**DESCRIPTION OF THE TASK**: Please print, word for word, every line from the one that contains "w2 by (auto simp: w_def)" through the last line of the records, and nothing else.
*** DATA IN THIS EXERCISE Section Begins ***
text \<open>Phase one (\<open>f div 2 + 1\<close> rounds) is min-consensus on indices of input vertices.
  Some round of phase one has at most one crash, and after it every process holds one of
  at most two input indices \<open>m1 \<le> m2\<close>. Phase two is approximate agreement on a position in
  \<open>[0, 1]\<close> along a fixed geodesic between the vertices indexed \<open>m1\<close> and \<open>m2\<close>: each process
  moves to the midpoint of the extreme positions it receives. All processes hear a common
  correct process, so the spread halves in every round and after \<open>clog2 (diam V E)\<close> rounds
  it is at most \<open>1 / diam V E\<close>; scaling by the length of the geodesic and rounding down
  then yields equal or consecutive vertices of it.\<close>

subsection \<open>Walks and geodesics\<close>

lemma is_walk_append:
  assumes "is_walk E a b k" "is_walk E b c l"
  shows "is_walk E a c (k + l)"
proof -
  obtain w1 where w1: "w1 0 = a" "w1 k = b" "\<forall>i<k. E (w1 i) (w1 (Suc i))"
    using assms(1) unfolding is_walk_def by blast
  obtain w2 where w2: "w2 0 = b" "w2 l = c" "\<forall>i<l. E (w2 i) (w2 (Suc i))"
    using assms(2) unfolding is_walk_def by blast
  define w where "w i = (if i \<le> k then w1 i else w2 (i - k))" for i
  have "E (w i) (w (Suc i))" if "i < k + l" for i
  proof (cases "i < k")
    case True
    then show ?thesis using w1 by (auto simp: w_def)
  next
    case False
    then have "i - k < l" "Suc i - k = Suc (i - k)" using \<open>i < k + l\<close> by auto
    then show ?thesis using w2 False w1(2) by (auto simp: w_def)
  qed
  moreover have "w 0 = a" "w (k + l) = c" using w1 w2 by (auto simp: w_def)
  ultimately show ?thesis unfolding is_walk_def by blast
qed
*** DATA IN THIS EXERCISE Section Ends ***
**OUTPUT FOR THIS TASK**:
  moreover have "w 0 = a" "w (k + l) = c" using w1 w2 by (auto simp: w_def)
  ultimately show ?thesis unfolding is_walk_def by blast
qed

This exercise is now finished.